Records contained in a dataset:

lemma recpred_pos: "recfun k F \<Longrightarrow> recpred k (\<lambda>p xs. 0 < F p xs)"
  by (rule recpred_cong[OF recpred_less[OF recfun_zero]]) auto

lemma recfun_count_pos1: "recfun 1 (\<lambda>p xs. count_pos p (xs!0))"
proof -
  define G where "G = (\<lambda>(p::baire) (zs::nat list). zs!1 + (if 0 < p (zs!0) then 1 else 0))"
  have "recfun 2 G" unfolding G_def
    by (intro recfun_add recfun_proj recfun_if recpred_pos recfun_orac recfun_const) auto
  then have R: "recfun 1 (\<lambda>p xs. prim_rec (\<lambda>ys. 0) (G p) (hd xs) (tl xs))"
    using recfun_prim_rec[OF recfun_zero[of 0], of G] by (simp add: numeral_2_eq_2)
  have E: "prim_rec (\<lambda>ys. 0) (G p) n ys = count_pos p n" for p n ys
    by (induction n) (auto simp: G_def)
  show ?thesis by (rule recfun_cong[OF R]) (auto simp: E length_Suc_conv)
qed

lemma recfun_count_pos: "recfun k F \<Longrightarrow> recfun k (\<lambda>p xs. count_pos p (F p xs))"
  using recfun_comp1[OF recfun_count_pos1] by simp

lemma recfun_nth_pos:
  assumes "recfun k N" "recfun k K"
  shows "recfun k (\<lambda>p xs. nth_pos p (N p xs) (K p xs))"
proof -
  have P: "recpred (Suc 1) (\<lambda>p xs. 0 < p (xs!0) \<and> count_pos p (xs!0) = xs!1)"
    by (intro recpred_conj recpred_pos recfun_orac recfun_proj recpred_eq recfun_count_pos) auto
  have "recfun 2 (\<lambda>p xs. bounded_least (\<lambda>m. 0 < p m \<and> count_pos p m = tl xs ! 0) (xs!0))"
    using recfun_bounded_least[OF P] by (simp add: numeral_2_eq_2)
  then have "recfun 2 (\<lambda>p xs. nth_pos p (xs!0) (xs!1))"
    by (rule recfun_cong) (auto simp: nth_pos_def length_Suc_conv numeral_2_eq_2)
  from recfun_comp2[OF this assms] show ?thesis by simp
qed

lemma computable_minus_one: "computable minus_one"
proof -
  have "recpred (Suc 1) (\<lambda>p xs. 0 < p (xs!0) \<and> count_pos p (xs!0) = xs!1)"
    by (intro recpred_conj recpred_pos recfun_orac recfun_proj recpred_eq recfun_count_pos) auto
  from recpred_least[OF this] obtain e where e: "\<forall>p xs. length xs = 1 \<longrightarrow>
      (\<exists>n. 0 < p n \<and> count_pos p n = xs!0) \<longrightarrow>
      ev p (Mu e) xs (LEAST n. 0 < p n \<and> count_pos p n = xs!0)"
    by auto
  have "recfun 1 (\<lambda>p xs. p (xs!0) - 1)" by (intro recfun_pred recfun_orac recfun_proj) auto
  then obtain d where d: "\<forall>p xs. length xs = 1 \<longrightarrow> ev p d xs (p (xs!0) - 1)"
    unfolding recfun_def by blast
  show ?thesis unfolding computable_def
  proof (intro exI[of _ "Comp d [Mu e]"] allI impI)
    fix p q n assume "minus_one p = Some q"
    then have S: "infinite {i. 0 < p i}" and q: "q = (\<lambda>k. p (enumerate {i. 0 < p i} k) - 1)"
      unfolding minus_one_def by (auto split: if_splits)
    have "ev p (Mu e) [n] (enumerate {i. 0 < p i} n)"
      using e[rule_format, of "[n]" p] Least_count_pos_eq_enumerate[OF S]
        count_pos_enumerate[OF S] enumerate_in_set[OF S] by fastforce
    then show "ev p (Comp d [Mu e]) [n] (q n)"
      using d[rule_format, of "[enumerate {i. 0 < p i} n]" p] q
      by (intro ev_comp[where ys="[enumerate {i. 0 < p i} n]"]) auto
  qed
qed

section \<open>Guessing a limit from a completion name\<close>

text \<open>After reading \<open>p\<close> up to \<open>n\<close>, the first \<open>count_pos p n\<close> entries of \<open>p - 1\<close> are known;
  the guess for entry \<open>j\<close> of their limit is taken from the latest row containing it.\<close>

definition latest_row :: "baire \<Rightarrow> nat \<Rightarrow> nat \<Rightarrow> nat" where
  "latest_row p n j = bounded_greatest (\<lambda>i. prod_encode (i, j) < count_pos p n) n"
definition stage_guess :: "baire \<Rightarrow> nat \<Rightarrow> nat \<Rightarrow> nat" where
  "stage_guess p n j =
     (let k = prod_encode (latest_row p n j, j)
      in if k < count_pos p n then p (nth_pos p n k) - 1 else 0)"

### To do
Report the lines above that contain "definition".

### Written response
definition latest_row :: "baire \<Rightarrow> nat \<Rightarrow> nat \<Rightarrow> nat" where
definition stage_guess :: "baire \<Rightarrow> nat \<Rightarrow> nat \<Rightarrow> nat" where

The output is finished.